(Stored data entries)
---------------
(* For every integer $k\ge 0$, $$B_{k}=(-1)^{k+1}\sum_{n=1}^{k+1}\frac{1}{n^2}\Delta_{n}(k+1),\qquad\text{where}\quad \Delta_{n}(m)=\sum_{j=1}^{n}(-1)^{j}\binom{n}{j}j^{m}.$$
   Context: The Bernoulli numbers $B_k$ are defined by the generating function $\frac{t}{e^{t}-1}=\sum_{k=0}^{\infty}\frac{B_k}{k!}t^k$ for $|t|<2\pi$ (so $B_1=-1/2$). *)

theory Defs
  imports "HOL-Analysis.Analysis"
begin

text \<open>The point t = 0 is excluded since
  in Isabelle t/(e^t-1) evaluates to 0 there (division by zero), whereas the
  generating function has value 1 by continuity.  The coefficient sequence is
  unique (identity theorem for power series), so THE is well-defined.\<close>
definition bernoulli_seq :: "nat \<Rightarrow> real" where
  "bernoulli_seq = (THE b. \<forall>t::real. t \<noteq> 0 \<and> \<bar>t\<bar> < 2 * pi \<longrightarrow>
      (\<lambda>k. b k / fact k * t ^ k) sums (t / (exp t - 1)))"

definition bernoulli :: "nat \<Rightarrow> real" where
  "bernoulli k = bernoulli_seq k"

definition Delta :: "nat \<Rightarrow> nat \<Rightarrow> int" where
  "Delta n m = (\<Sum>j=1..n. (-1) ^ j * int (n choose j) * int j ^ m)"

end

theory Submission
  imports Defs "HOL-Complex_Analysis.Cauchy_Integral_Formula"
begin

text \<open>
  Let u = 1 - exp(-x) and Li_s(x) = sum_{n>=1} x^n / n^s (as formal power series).
  Expanding u^n = sum_j (n choose j) (-1)^j exp(-jx) shows that the coefficient of x^m in
  u^n is (-1)^m Delta_n(m) / m!, so the claimed value of B_k / k! is the k-th coefficient
  of the derivative of Li_2(u). Since x Li_2'(x) = Li_1(x) = -log(1 - x) and
  u' (exp x - 1) = exp(-x) (exp x - 1) = u, the chain rule gives
  (Li_2(u))' (exp x - 1) = Li_1(u) = x. Hence (Li_2(u))' is the reciprocal of the entire
  function (exp x - 1)/x, which has no zeros in |x| < 2 pi; there it converges to
  x/(exp x - 1), and uniqueness of power series coefficients identifies it with the
  generating function of the Bernoulli numbers.
\<close>

unbundle fps_syntax
unbundle no vec_syntax

definition fps_polylog :: "nat \<Rightarrow> 'a::field_char_0 fps" where
  "fps_polylog s = Abs_fps (\<lambda>n. if n = 0 then 0 else 1 / of_nat n ^ s)"

lemma fps_X_mult_deriv_fps_polylog:
  "fps_X * fps_deriv (fps_polylog (Suc s)) = (fps_polylog s :: 'a::field_char_0 fps)"
proof (rule fps_ext)
  show "(fps_X * fps_deriv (fps_polylog (Suc s))) $ n = (fps_polylog s :: 'a fps) $ n"
    for n by (cases n) (simp_all add: fps_polylog_def fps_X_mult_nth field_simps del: of_nat_Suc)
qed

lemma fps_deriv_fps_polylog_1:
  "fps_deriv (fps_polylog 1) = (inverse (1 - fps_X) :: 'a::field_char_0 fps)"
proof -
  have "fps_deriv (fps_polylog 1) = (Abs_fps (\<lambda>_. 1) :: 'a fps)"
    by (rule fps_ext) (simp add: fps_polylog_def del: of_nat_Suc)
  also have "\<dots> = inverse (1 - fps_X)"
    by (simp flip: fps_inverse_gp')
  finally show ?thesis .
qed

lemma fps_deriv_one_minus_fps_exp_neg:
  "fps_deriv (1 - fps_exp (-1)) = (fps_exp (-1) :: 'a::field_char_0 fps)"
  by (simp flip: fps_const_neg)

lemma fps_polylog_1_compose_one_minus_exp_neg:
  "fps_polylog 1 oo (1 - fps_exp (-1)) = (fps_X :: 'a::field_char_0 fps)"
proof -
  let ?u = "1 - fps_exp (-1) :: 'a fps"
  have u0: "?u $ 0 = 0" by simp
  have "inverse (1 - fps_X) oo ?u = inverse ((1 - fps_X) oo ?u)"
    by (rule fps_inverse_compose[OF u0]) simp
  also have "(1 - fps_X) oo ?u = fps_exp (-1)"
    by (simp add: fps_compose_sub_distrib u0)
  also have "inverse (fps_exp (-1)) = (fps_exp 1 :: 'a fps)"
    by (simp add: fps_exp_neg)
  finally have "fps_deriv (fps_polylog 1 oo ?u) = fps_exp 1 * fps_exp (-1)"
    by (simp only: fps_compose_deriv[OF u0] fps_deriv_fps_polylog_1
        fps_deriv_one_minus_fps_exp_neg)
  also have "\<dots> = fps_deriv fps_X"
    by (simp flip: fps_exp_add_mult)
  finally show ?thesis
    unfolding fps_deriv_eq_iff by (simp add: fps_polylog_def)
qed

lemma fps_deriv_fps_polylog_compose_one_minus_exp_neg:
  "fps_deriv (fps_polylog (Suc s) oo (1 - fps_exp (-1))) * (fps_exp 1 - 1) =
     (fps_polylog s oo (1 - fps_exp (-1)) :: 'a::field_char_0 fps)"
proof -
  let ?u = "1 - fps_exp (-1) :: 'a fps"
  have u0: "?u $ 0 = 0" by simp
  have "fps_exp (-1) * (fps_exp 1 - 1) = ?u"
    by (simp add: algebra_simps flip: fps_exp_add_mult)
  hence "fps_deriv (fps_polylog (Suc s) oo ?u) * (fps_exp 1 - 1) =
           (fps_deriv (fps_polylog (Suc s)) oo ?u) * (fps_X oo ?u)"
    by (simp only: fps_compose_deriv[OF u0] fps_deriv_one_minus_fps_exp_neg mult.assoc
        fps_X_fps_compose_startby0[OF u0])
  also have "\<dots> = (fps_X * fps_deriv (fps_polylog (Suc s))) oo ?u"
    by (simp add: fps_compose_mult_distrib[OF u0] mult.commute)
  finally show ?thesis
    by (simp only: fps_X_mult_deriv_fps_polylog)
qed

lemma fps_compose_fps_polylog_nth:
  "(fps_polylog s oo g) $ m = (\<Sum>n=1..m. (g ^ n) $ m / of_nat n ^ s :: 'a::field_char_0)"
proof -
  have "{0..m} = insert 0 {1..m}" by auto
  thus ?thesis by (simp add: fps_compose_nth fps_polylog_def)
qed

lemma one_minus_fps_exp_neg_power_nth:
  assumes "m \<ge> 1"
  shows "((1 - fps_exp (-1)) ^ n) $ m = ((-1) ^ m * of_int (Delta n m) / fact m :: 'a::field_char_0)"
proof -
  have "(1 - fps_exp (-1) :: 'a fps) ^ n = (- fps_exp (-1) + 1) ^ n" by simp
  also have "\<dots> = (\<Sum>j\<le>n. of_nat (n choose j) * (- fps_exp (-1)) ^ j * 1 ^ (n - j))"
    by (rule binomial_ring)
  also have "\<dots> = (\<Sum>j\<le>n. fps_const (of_nat (n choose j) * (-1) ^ j) * fps_exp (- of_nat j))"
  proof (intro sum.cong refl)
    fix j
    have "(- fps_exp (-1) :: 'a fps) ^ j = (-1) ^ j * fps_exp (- of_nat j)"
      by (subst power_minus) (simp only: fps_exp_power_mult mult_minus1_right)
    also have "(-1 :: 'a fps) ^ j = fps_const ((-1) ^ j)"
      by (metis fps_const_neg fps_const_1_eq_1 fps_const_power)
    finally have "(- fps_exp (-1) :: 'a fps) ^ j = fps_const ((-1) ^ j) * fps_exp (- of_nat j)" .
    thus "of_nat (n choose j) * (- fps_exp (-1)) ^ j * 1 ^ (n - j) =
            fps_const (of_nat (n choose j) * (-1) ^ j) * (fps_exp (- of_nat j) :: 'a fps)"
      by (simp only: power_one mult_1_right mult.assoc fps_of_nat [symmetric]
          fps_const_mult [symmetric])
  qed
  finally have "(1 - fps_exp (-1) :: 'a fps) ^ n =
          (\<Sum>j\<le>n. fps_const (of_nat (n choose j) * (-1) ^ j) * fps_exp (- of_nat j))" .
  hence "((1 - fps_exp (-1)) ^ n) $ m =
           (\<Sum>j\<le>n. of_nat (n choose j) * (-1) ^ j * (- of_nat j) ^ m / fact m :: 'a)"
    by (simp add: fps_sum_nth)
  also have "\<dots> = (\<Sum>j=1..n. of_nat (n choose j) * (-1) ^ j * (- of_nat j) ^ m / fact m)"
  proof -
    have "{..n} = insert 0 {1..n}" by auto
    thus ?thesis using assms by (simp add: zero_power)
  qed
  also have "\<dots> = (-1) ^ m * of_int (Delta n m) / fact m"
    unfolding Delta_def of_int_sum sum_divide_distrib sum_distrib_left
    by (intro sum.cong refl) (simp add: power_minus[of "of_nat _"] mult_ac)
  finally show ?thesis .
qed

lemma fps_deriv_fps_polylog_2_compose_nth:
  "fps_deriv (fps_polylog 2 oo (1 - fps_exp (-1))) $ k =
     ((-1) ^ (k + 1) * (\<Sum>n=1..k+1. of_int (Delta n (k + 1)) / of_nat n ^ 2) / fact k
       :: 'a::field_char_0)"
proof -
  let ?D = "\<lambda>n. of_int (Delta n (k + 1)) / of_nat n ^ 2 :: 'a"
  have "fps_deriv (fps_polylog 2 oo (1 - fps_exp (-1))) $ k =
          of_nat (k + 1) * ((-1) ^ (k + 1) / fact (k + 1) * sum ?D {1..k+1})"
    unfolding fps_deriv_nth sum_distrib_left fps_compose_fps_polylog_nth Suc_eq_plus1
    by (intro arg_cong2[where f = "(*)"] sum.cong refl)
      (simp add: one_minus_fps_exp_neg_power_nth)
  also have "\<dots> = of_nat (k + 1) / fact (k + 1) * ((-1) ^ (k + 1) * sum ?D {1..k+1})"
    by (simp only: mult_ac times_divide_eq_left times_divide_eq_right)
  also have "of_nat (k + 1) / fact (k + 1) = (1 / fact k :: 'a)"
    by (simp add: field_simps del: of_nat_Suc)
  finally show ?thesis by simp
qed

lemma subdegree_fps_exp_minus_1: "subdegree (fps_exp 1 - 1 :: 'a::field_char_0 fps) = 1"
  by (rule subdegreeI) auto

lemma fps_conv_radius_exp_minus_1:
  "fps_conv_radius (fps_exp 1 - 1 :: 'a::{banach, real_normed_field} fps) = \<infinity>"
  using fps_conv_radius_diff[of "fps_exp (1::'a)" 1] by simp

lemma eval_fps_shift_exp_minus_1:
  fixes z :: "'a::{banach, real_normed_field}"
  shows "eval_fps (fps_shift 1 (fps_exp 1 - 1)) z = (if z = 0 then 1 else (exp z - 1) / z)"
proof -
  have "eval_fps (fps_shift 1 (fps_exp 1 - 1)) z =
          (if z = 0 then (fps_exp 1 - 1) $ 1 else eval_fps (fps_exp 1 - 1) z / z ^ 1)"
    by (rule eval_fps_shift)
      (simp only: subdegree_fps_exp_minus_1 order_refl, simp add: fps_conv_radius_exp_minus_1)
  also have "eval_fps (fps_exp 1 - 1) z = exp z - 1"
    by (subst eval_fps_diff) auto
  finally show ?thesis by simp
qed

lemma fps_shift_exp_minus_1_times_X:
  "fps_shift 1 (fps_exp 1 - 1) * fps_X = (fps_exp 1 - 1 :: 'a::field_char_0 fps)"
  by (rule fps_shift_times_fps_X) (simp only: subdegree_fps_exp_minus_1 order_refl)

lemma inverse_fps_shift_exp_minus_1:
  fixes f :: "'a::field_char_0 fps"
  assumes "f * (fps_exp 1 - 1) = fps_X"
  shows "inverse (fps_shift 1 (fps_exp 1 - 1)) = f"
proof (rule fps_inverse_unique)
  have "fps_shift 1 (fps_exp 1 - 1) * f * fps_X = f * (fps_shift 1 (fps_exp 1 - 1) * fps_X)"
    by (simp only: mult_ac)
  also have "\<dots> = 1 * fps_X"
    by (simp only: fps_shift_exp_minus_1_times_X assms mult_1)
  finally show "fps_shift 1 (fps_exp 1 - 1) * f = 1"
    by (simp only: mult_cancel_right fps_X_neq_zero simp_thms)
qed

lemma exp_neq_1_if_norm_less_2pi:
  fixes z :: complex
  assumes "z \<noteq> 0" "norm z < 2 * pi"
  shows "exp z \<noteq> 1"
proof
  assume "exp z = 1"
  then obtain n :: int where n: "Re z = 0" "Im z = of_int (2 * n) * pi"
    by (auto simp: exp_eq_1)
  with assms(1) have "n \<noteq> 0" using complex_eq_iff by fastforce
  hence "2 * pi \<le> \<bar>Im z\<bar>" using n(2) by (simp add: abs_mult)
  also have "\<bar>Im z\<bar> \<le> norm z" by (rule abs_Im_le_cmod)
  finally show False using assms(2) by simp
qed

lemma sums_div_exp_minus_1_if_fps_mult_eq_X:
  fixes f :: "complex fps"
  assumes f: "f * (fps_exp 1 - 1) = fps_X" and z: "z \<noteq> 0" "norm z < 2 * pi"
  shows "(\<lambda>k. f $ k * z ^ k) sums (z / (exp z - 1))"
proof -
  let ?g = "fps_shift 1 (fps_exp 1 - 1) :: complex fps"
  have g_nz: "eval_fps ?g w \<noteq> 0" if "ereal (norm w) < ereal (2 * pi)" for w
    using that exp_neq_1_if_norm_less_2pi[of w] unfolding eval_fps_shift_exp_minus_1 by auto
  have f_eq: "inverse ?g = f"
    by (rule inverse_fps_shift_exp_minus_1[OF f])
  have radius: "ereal (2 * pi) \<le> fps_conv_radius f"
    using fps_conv_radius_inverse[of "ereal (2 * pi)" ?g, OF g_nz]
    unfolding f_eq by (simp add: fps_conv_radius_exp_minus_1)
  have "ereal (norm z) < fps_conv_radius f"
    by (rule less_le_trans[OF _ radius]) (simp add: z)
  hence "(\<lambda>k. f $ k * z ^ k) sums eval_fps f z"
    by (rule sums_eval_fps)
  also have "eval_fps f z = inverse (eval_fps ?g z)"
    using z unfolding f_eq[symmetric]
    by (intro eval_fps_inverse[where r = "ereal (2 * pi)"] g_nz)
      (auto simp: fps_conv_radius_exp_minus_1)
  also have "inverse (eval_fps ?g z) = z / (exp z - 1)"
    using z unfolding eval_fps_shift_exp_minus_1 by simp
  finally show ?thesis .
qed

lemma powser_coeffs_unique:
  fixes a b :: "nat \<Rightarrow> 'a::{real_normed_field, banach}"
  assumes r: "0 < r"
    and a: "\<And>x. x \<noteq> 0 \<Longrightarrow> norm x < r \<Longrightarrow> (\<lambda>n. a n * x ^ n) sums f x"
    and b: "\<And>x. x \<noteq> 0 \<Longrightarrow> norm x < r \<Longrightarrow> (\<lambda>n. b n * x ^ n) sums f x"
  shows "a = b"
proof -
  define d where "d n = a n - b n" for n
  have d_sums: "(\<lambda>n. d n * x ^ n) sums 0" if "x \<noteq> 0" "norm x < r" for x
    using sums_diff[OF a b, OF that that] by (simp add: d_def left_diff_distrib)
  have "((\<lambda>x. 0) \<longlongrightarrow> d 0) (at (0::'a))"
    by (rule powser_limit_0_strong[OF r d_sums])
  hence d0: "d 0 = 0"
    by (simp add: tendsto_const_iff)
  have "d m = 0" for m
  proof (rule ccontr)
    assume dm: "d m \<noteq> 0"
    with d0 have "m > 0" by (cases m) auto
    have d_sums': "(\<lambda>n. d n * (x - 0) ^ n) sums 0" if "norm (x - 0) < r" for x
      using d_sums[of x] d0 that by (cases "x = 0") auto
    show False
    proof (rule powser_0_nonzero[where f = "\<lambda>_. 0", OF r d_sums' refl dm \<open>m > 0\<close>])
      fix s :: real
      assume "0 < s" and nonzero: "\<And>z::'a. z \<in> cball 0 s - {0} \<Longrightarrow> (0::'a) \<noteq> 0"
      have "of_real s \<in> cball 0 s - {0::'a}"
        using \<open>0 < s\<close> by simp
      from nonzero[OF this] show False by simp
    qed
  qed
  thus "a = b"
    by (simp add: fun_eq_iff d_def)
qed

lemma bernoulli_seq_eqI:
  assumes "\<And>t. t \<noteq> 0 \<Longrightarrow> \<bar>t\<bar> < 2 * pi \<Longrightarrow>
             (\<lambda>k. b k / fact k * t ^ k) sums (t / (exp t - 1))"
  shows "bernoulli_seq = b"
  unfolding bernoulli_seq_def
proof (rule the_equality)
  show "\<forall>t. t \<noteq> 0 \<and> \<bar>t\<bar> < 2 * pi \<longrightarrow> (\<lambda>k. b k / fact k * t ^ k) sums (t / (exp t - 1))"
    using assms by blast
next
  fix c assume c: "\<forall>t. t \<noteq> 0 \<and> \<bar>t\<bar> < 2 * pi \<longrightarrow>
                        (\<lambda>k. c k / fact k * t ^ k) sums (t / (exp t - 1))"
  have "(\<lambda>k. c k / fact k) = (\<lambda>k. b k / fact k :: real)"
    by (rule powser_coeffs_unique[where r = "2 * pi" and f = "\<lambda>t. t / (exp t - 1)"])
      (use c assms in auto)
  thus "c = b"
    by (simp add: fun_eq_iff)
qed

lemma sums_Delta_formula:
  fixes t :: real
  assumes "t \<noteq> 0" "\<bar>t\<bar> < 2 * pi"
  shows "(\<lambda>k. (-1) ^ (k + 1) * (\<Sum>n=1..k+1. real_of_int (Delta n (k + 1)) / (real n)\<^sup>2) / fact k * t ^ k)
           sums (t / (exp t - 1))"
proof -
  let ?f = "fps_deriv (fps_polylog 2 oo (1 - fps_exp (-1))) :: complex fps"
  have "?f * (fps_exp 1 - 1) = fps_polylog 1 oo (1 - fps_exp (-1))"
    using fps_deriv_fps_polylog_compose_one_minus_exp_neg[of 1] by (simp only: Suc_1)
  also have "\<dots> = fps_X"
    by (rule fps_polylog_1_compose_one_minus_exp_neg)
  finally have "?f * (fps_exp 1 - 1) = fps_X" .
  hence "(\<lambda>k. ?f $ k * of_real t ^ k) sums (of_real t / (exp (of_real t) - 1))"
    using assms by (intro sums_div_exp_minus_1_if_fps_mult_eq_X) auto
  hence "(\<lambda>k. ?f $ k * of_real t ^ k) sums of_real (t / (exp t - 1))"
    by (simp only: of_real_divide of_real_diff of_real_1 exp_of_real)
  moreover have "?f $ k * of_real t ^ k = of_real ((-1) ^ (k + 1) *
      (\<Sum>n=1..k+1. real_of_int (Delta n (k + 1)) / (real n)\<^sup>2) / fact k * t ^ k)" for k
    unfolding fps_deriv_fps_polylog_2_compose_nth by simp
  ultimately show ?thesis
    by (simp only: sums_of_real_iff)
qed

theorem mainTheorem2:
  fixes k :: nat
  shows "bernoulli k = (-1) ^ (k + 1) * (\<Sum>n=1..k+1. real_of_int (Delta n (k + 1)) / (real n)\<^sup>2)"
proof -
  have "bernoulli_seq = (\<lambda>k. (-1) ^ (k + 1) *
          (\<Sum>n=1..k+1. real_of_int (Delta n (k + 1)) / (real n)\<^sup>2))"
    by (rule bernoulli_seq_eqI) (rule sums_Delta_formula)
  thus ?thesis
    unfolding bernoulli_def by (rule fun_cong)
qed

end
---------------
▶ **Your objective**
Would you output, unchanged, each line from the start of the records to the line that holds "unique (identity theorem", both included and nothing else?

▶ **Reply**
(* For every integer $k\ge 0$, $$B_{k}=(-1)^{k+1}\sum_{n=1}^{k+1}\frac{1}{n^2}\Delta_{n}(k+1),\qquad\text{where}\quad \Delta_{n}(m)=\sum_{j=1}^{n}(-1)^{j}\binom{n}{j}j^{m}.$$
   Context: The Bernoulli numbers $B_k$ are defined by the generating function $\frac{t}{e^{t}-1}=\sum_{k=0}^{\infty}\frac{B_k}{k!}t^k$ for $|t|<2\pi$ (so $B_1=-1/2$). *)

theory Defs
  imports "HOL-Analysis.Analysis"
begin

text \<open>The point t = 0 is excluded since
  in Isabelle t/(e^t-1) evaluates to 0 there (division by zero), whereas the
  generating function has value 1 by continuity.  The coefficient sequence is
  unique (identity theorem for power series), so THE is well-defined.\<close>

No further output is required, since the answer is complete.